Saved entries:
╭──

(* In the Mallows setting: - $W(N,0)=\theta^{N-1}[N-1]_\theta!$ for all $N\ge1$; - for all $N\ge2$ and $1\le k\le N-1$, $$W(N,k)=\theta^{N-k-1}\,[N-1]_\theta!\,\sum_{i=k}^{N-1}\frac{[k]_\theta}{[i]_\theta}.$$
   Context: Permutations of $\{1,\dots,N\}$ are written in one-line notation; $\mathfrak S_N$ is the set of all of them. An entry $\pi_j$ is a left-to-right maximum if $\pi_j>\pi_i$ for all $i<j$; $\mathrm{inv}(\pi)$ is the number of pairs $i<j$ with $\pi_i>\pi_j$. Let $\theta>0$. For $0\le k\le N-1$, a permutation $\pi\in\mathfrak S_N$ is $k$-winnable if the first index $j>k$ such that $\pi_j$ is a left-to-right maximum satisfies $\pi_j=N$. Mallows setting: - $W(N,k)=\sum_{k\text{-winnable }\pi\in\mathfrak S_N}\theta^{\mathrm{inv}(\pi)}$; - $[m]_\theta=1+\theta+\cdots+\theta^{m-1}$; - $[m]_\theta!=[1]_\theta\cdots[m]_\theta$, with $[0]_\theta!=1$. *)

theory Defs
  imports Complex_Main "HOL-Combinatorics.Permutations"
begin

text \<open>Permutations of {1..N} in one-line notation: pi_j = p j, with p permutes {1..N}.\<close>

definition perms :: "nat \<Rightarrow> (nat \<Rightarrow> nat) set" where
  "perms N = {p. p permutes {1..N}}"

definition lr_max :: "(nat \<Rightarrow> nat) \<Rightarrow> nat \<Rightarrow> bool" where
  "lr_max p j \<longleftrightarrow> (\<forall>i\<in>{1..<j}. p i < p j)"

definition inv_count :: "nat \<Rightarrow> (nat \<Rightarrow> nat) \<Rightarrow> nat" where
  "inv_count N p = card {(i, j). 1 \<le> i \<and> i < j \<and> j \<le> N \<and> p i > p j}"

definition winnable :: "nat \<Rightarrow> nat \<Rightarrow> (nat \<Rightarrow> nat) \<Rightarrow> bool" where
  "winnable N k p \<longleftrightarrow>
     (\<exists>j. k < j \<and> j \<le> N \<and> lr_max p j \<and> p j = N \<and>
          (\<forall>j'. k < j' \<and> j' < j \<longrightarrow> \<not> lr_max p j'))"

definition W :: "real \<Rightarrow> nat \<Rightarrow> nat \<Rightarrow> real" where
  "W \<theta> N k = (\<Sum>p\<in>{p\<in>perms N. winnable N k p}. \<theta> ^ inv_count N p)"

definition qint :: "real \<Rightarrow> nat \<Rightarrow> real" where
  "qint \<theta> m = (\<Sum>i<m. \<theta> ^ i)"

definition qfact :: "real \<Rightarrow> nat \<Rightarrow> real" where
  "qfact \<theta> m = (\<Prod>i\<in>{1..m}. qint \<theta> i)"

end

theory Submission
  imports Defs
begin

text \<open>
Every permutation of \<open>{1..n+1}\<close> arises uniquely from its last entry \<open>v\<close> and a permutation
\<open>q\<close> of \<open>{1..n}\<close> giving the relative order of the first \<open>n\<close> entries. The last entry adds
\<open>n + 1 - v\<close> inversions, the left-to-right maxima among the first \<open>n\<close> positions are those
of \<open>q\<close>, and position \<open>n + 1\<close> is a left-to-right maximum iff \<open>v = n + 1\<close>. Summing over \<open>v\<close>
therefore turns Mallows weights on \<open>{1..n+1}\<close> into \<open>q\<close>-integers times weights on \<open>{1..n}\<close>:
the weight \<open>B(n,k)\<close> of the permutations without left-to-right maxima after position \<open>k\<close>
satisfies \<open>B(n+1,k) = \<theta>[n] B(n,k)\<close>, and \<open>W(n+1,k) = B(n,k) + \<theta>[n] W(n,k)\<close> since a
permutation is \<open>k\<close>-winnable either by ending in \<open>n+1\<close> after no earlier record, or
because \<open>q\<close> is. Solving both recurrences from \<open>B(k,k) = [k]!\<close> and \<open>W(k,k) = 0\<close> gives
the closed forms.
\<close>

lemma permsD:
  assumes "q \<in> perms n"
  shows perms_in_range: "i \<in> {1..n} \<Longrightarrow> q i \<in> {1..n}"
    and perms_fixed: "i \<notin> {1..n} \<Longrightarrow> q i = i"
    and perms_inj: "i \<in> {1..n} \<Longrightarrow> j \<in> {1..n} \<Longrightarrow> q i = q j \<Longrightarrow> i = j"
    and perms_surj: "x \<in> {1..n} \<Longrightarrow> \<exists>i\<in>{1..n}. q i = x"
proof -
  have p: "q permutes {1..n}" using assms by (simp add: perms_def)
  show "i \<in> {1..n} \<Longrightarrow> q i \<in> {1..n}" using permutes_in_image[OF p] by blast
  show "i \<notin> {1..n} \<Longrightarrow> q i = i" using permutes_not_in[OF p] by blast
  show "i \<in> {1..n} \<Longrightarrow> j \<in> {1..n} \<Longrightarrow> q i = q j \<Longrightarrow> i = j"
    using permutes_inj_on[OF p] by (meson inj_onD)
  show "x \<in> {1..n} \<Longrightarrow> \<exists>i\<in>{1..n}. q i = x"
    using permutes_image[OF p] by (metis imageE)
qed

lemma finite_perms: "finite (perms n)"
  unfolding perms_def by (rule finite_permutations) simp

subsection \<open>Inserting and deleting the last entry\<close>

definition insert_last :: "nat \<Rightarrow> (nat \<Rightarrow> nat) \<Rightarrow> nat \<Rightarrow> nat \<Rightarrow> nat" where
  "insert_last n q v i =
     (if 1 \<le> i \<and> i \<le> n then (if q i < v then q i else Suc (q i))
      else if i = Suc n then v else i)"

definition delete_last :: "nat \<Rightarrow> (nat \<Rightarrow> nat) \<Rightarrow> nat \<Rightarrow> nat" where
  "delete_last n p i = (if 1 \<le> i \<and> i \<le> n then (if p i < p (Suc n) then p i else p i - 1) else i)"

lemma insert_last_in_perms:
  assumes q: "q \<in> perms n" and v: "v \<in> {1..Suc n}"
  shows "insert_last n q v \<in> perms (Suc n)"
proof -
  have "inj_on (insert_last n q v) {1..Suc n}"
  proof (rule inj_onI)
    fix i j assume i: "i \<in> {1..Suc n}" and j: "j \<in> {1..Suc n}"
      and eq: "insert_last n q v i = insert_last n q v j"
    show "i = j"
    proof (cases "i \<le> n \<and> j \<le> n")
      case True
      then show ?thesis
        using i j eq perms_inj[OF q, of i j] by (auto simp: insert_last_def split: if_splits)
    next
      case False
      then show ?thesis
        using i j eq by (auto simp: insert_last_def split: if_splits)
    qed
  qed
  moreover have "insert_last n q v i \<in> {1..Suc n}" if "i \<in> {1..Suc n}" for i
    using that v perms_in_range[OF q, of i] by (auto simp: insert_last_def)
  moreover have "insert_last n q v i = i" if "i \<notin> {1..Suc n}" for i
    using that by (auto simp: insert_last_def)
  ultimately have "insert_last n q v permutes {1..Suc n}"
    by (intro inj_imp_permutes) auto
  then show ?thesis by (simp add: perms_def)
qed

lemma delete_last_in_perms:
  assumes p: "p \<in> perms (Suc n)"
  shows "delete_last n p \<in> perms n"
proof -
  have ne: "p i \<noteq> p (Suc n)" if "i \<in> {1..n}" for i
    using that perms_inj[OF p, of i "Suc n"] by auto
  have range: "p i \<in> {1..Suc n}" if "i \<in> {1..n}" for i
    using that perms_in_range[OF p, of i] by auto
  have last: "p (Suc n) \<in> {1..Suc n}" using perms_in_range[OF p] by simp
  have "inj_on (delete_last n p) {1..n}"
  proof (rule inj_onI)
    fix i j assume i: "i \<in> {1..n}" and j: "j \<in> {1..n}"
      and eq: "delete_last n p i = delete_last n p j"
    have "p i = p j"
      using eq i j ne[OF i] ne[OF j] range[OF i] range[OF j]
      by (auto simp: delete_last_def split: if_splits)
    then show "i = j" using perms_inj[OF p] i j by auto
  qed
  moreover have "delete_last n p i \<in> {1..n}" if "i \<in> {1..n}" for i
    using that ne[OF that] range[OF that] last by (auto simp: delete_last_def)
  moreover have "delete_last n p i = i" if "i \<notin> {1..n}" for i
    using that by (auto simp: delete_last_def)
  ultimately have "delete_last n p permutes {1..n}"
    by (intro inj_imp_permutes) auto
  then show ?thesis by (simp add: perms_def)
qed

lemma delete_last_insert_last:
  assumes "q \<in> perms n"
  shows "delete_last n (insert_last n q v) = q"
  using perms_fixed[OF assms] by (auto simp: delete_last_def insert_last_def)

lemma insert_last_delete_last:
  assumes p: "p \<in> perms (Suc n)"
  shows "insert_last n (delete_last n p) (p (Suc n)) = p"
proof
  fix i
  have "i \<in> {1..n} \<Longrightarrow> p i \<noteq> p (Suc n)" using perms_inj[OF p] by fastforce
  then show "insert_last n (delete_last n p) (p (Suc n)) i = p i"
    using perms_fixed[OF p, of i] by (auto simp: delete_last_def insert_last_def)
qed

lemma sum_perms_Suc:
  "(\<Sum>p\<in>perms (Suc n). f p) = (\<Sum>q\<in>perms n. \<Sum>v=1..Suc n. f (insert_last n q v))"
proof -
  have "(\<Sum>p\<in>perms (Suc n). f p) = (\<Sum>(q, v)\<in>perms n \<times> {1..Suc n}. f (insert_last n q v))"
    by (rule sum.reindex_bij_witness[where i = "\<lambda>(q, v). insert_last n q v"
                                       and j = "\<lambda>p. (delete_last n p, p (Suc n))"])
       (auto simp: insert_last_in_perms delete_last_in_perms delete_last_insert_last
                   insert_last_delete_last dest: perms_in_range[of _ "Suc n" "Suc n"],
        simp add: insert_last_def)
  also have "\<dots> = (\<Sum>q\<in>perms n. \<Sum>v=1..Suc n. f (insert_last n q v))"
    by (rule sum.cartesian_product[symmetric])
  finally show ?thesis .
qed

subsection \<open>Effect of the insertion on inversions and left-to-right maxima\<close>

lemma insert_last_less_iff:
  assumes "i \<in> {1..n}" "j \<in> {1..n}"
  shows "insert_last n q v i < insert_last n q v j \<longleftrightarrow> q i < q j"
  using assms by (auto simp: insert_last_def)

lemma inv_count_insert_last:
  assumes q: "q \<in> perms n" and v: "v \<in> {1..Suc n}"
  shows "inv_count (Suc n) (insert_last n q v) = inv_count n q + (Suc n - v)"
proof -
  let ?p = "insert_last n q v"
  let ?A = "{(i, j). 1 \<le> i \<and> i < j \<and> j \<le> n \<and> q i > q j}"
  let ?C = "{i\<in>{1..n}. v \<le> q i}"
  have split: "{(i, j). 1 \<le> i \<and> i < j \<and> j \<le> Suc n \<and> ?p i > ?p j} = ?A \<union> (\<lambda>i. (i, Suc n)) ` ?C"
  proof (rule set_eqI, clarify)
    fix i j
    show "(i, j) \<in> {(i, j). 1 \<le> i \<and> i < j \<and> j \<le> Suc n \<and> ?p i > ?p j}
          \<longleftrightarrow> (i, j) \<in> ?A \<union> (\<lambda>i. (i, Suc n)) ` ?C"
    proof (cases "j \<le> n")
      case True
      then show ?thesis using insert_last_less_iff[of j n i q v] by auto
    next
      case False
      then show ?thesis by (auto simp: insert_last_def)
    qed
  qed
  have "q ` ?C = {v..n}"
  proof
    show "q ` ?C \<subseteq> {v..n}"
      using perms_in_range[OF q] by (simp add: image_subset_iff)
    show "{v..n} \<subseteq> q ` ?C"
    proof
      fix x assume x: "x \<in> {v..n}"
      then have "x \<in> {1..n}" using v by auto
      then obtain i where "i \<in> {1..n}" "q i = x" using perms_surj[OF q] by blast
      then show "x \<in> q ` ?C" using x by auto
    qed
  qed
  moreover have "inj_on q ?C" using perms_inj[OF q] by (simp add: inj_on_def)
  ultimately have "card ?C = Suc n - v" using card_image[of q ?C] by simp
  moreover have "card ((\<lambda>i. (i, Suc n)) ` ?C) = card ?C"
    by (rule card_image) (auto simp: inj_on_def)
  moreover have "finite ?A" by (rule finite_subset[of _ "{1..n} \<times> {1..n}"]) auto
  moreover have "?A \<inter> (\<lambda>i. (i, Suc n)) ` ?C = {}" by auto
  ultimately show ?thesis
    unfolding inv_count_def split by (simp add: card_Un_disjoint)
qed

lemma power_inv_count_insert_last:
  fixes \<theta> :: real
  assumes "q \<in> perms n" "v \<in> {1..Suc n}"
  shows "\<theta> ^ inv_count (Suc n) (insert_last n q v) = \<theta> ^ inv_count n q * \<theta> ^ (Suc n - v)"
  by (simp only: inv_count_insert_last[OF assms] power_add)

lemma lr_max_insert_last:
  assumes "j \<in> {1..n}"
  shows "lr_max (insert_last n q v) j \<longleftrightarrow> lr_max q j"
  unfolding lr_max_def using assms insert_last_less_iff[of _ n j q v] by auto

lemma lr_max_insert_last_Suc:
  assumes q: "q \<in> perms n" and v: "v \<in> {1..Suc n}"
  shows "lr_max (insert_last n q v) (Suc n) \<longleftrightarrow> v = Suc n"
proof
  assume "v = Suc n"
  then show "lr_max (insert_last n q v) (Suc n)"
    using perms_in_range[OF q] by (auto simp: lr_max_def insert_last_def less_Suc_eq_le)
next
  assume max: "lr_max (insert_last n q v) (Suc n)"
  show "v = Suc n"
  proof (rule ccontr)
    assume "v \<noteq> Suc n"
    then obtain i where "i \<in> {1..n}" "q i = v" using perms_surj[OF q] v by force
    moreover have "insert_last n q v i < insert_last n q v (Suc n)"
      using max \<open>i \<in> {1..n}\<close> unfolding lr_max_def by auto
    ultimately show False by (auto simp: insert_last_def)
  qed
qed

lemma insert_last_eq_Suc_iff:
  assumes "q \<in> perms n" "j \<in> {1..n}"
  shows "insert_last n q v j = Suc n \<longleftrightarrow> q j = n \<and> v \<le> n"
  using perms_in_range[OF assms] assms(2) by (auto simp: insert_last_def)

definition no_lr_max_after :: "nat \<Rightarrow> nat \<Rightarrow> (nat \<Rightarrow> nat) \<Rightarrow> bool" where
  "no_lr_max_after n k q \<longleftrightarrow> (\<forall>j. k < j \<and> j \<le> n \<longrightarrow> \<not> lr_max q j)"

lemma no_lr_max_after_insert_last:
  assumes q: "q \<in> perms n" and v: "v \<in> {1..Suc n}" and "k \<le> n"
  shows "no_lr_max_after (Suc n) k (insert_last n q v) \<longleftrightarrow> v \<noteq> Suc n \<and> no_lr_max_after n k q"
  using assms lr_max_insert_last[of _ n q v] lr_max_insert_last_Suc[OF q v]
  unfolding no_lr_max_after_def by (auto simp: le_Suc_eq)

╰──

- What the exercise asks: Each line above that contains the string "inversions" should be copied.

- The answer:
\<open>n + 1 - v\<close> inversions, the left-to-right maxima among the first \<open>n\<close> positions are those
subsection \<open>Effect of the insertion on inversions and left-to-right maxima\<close>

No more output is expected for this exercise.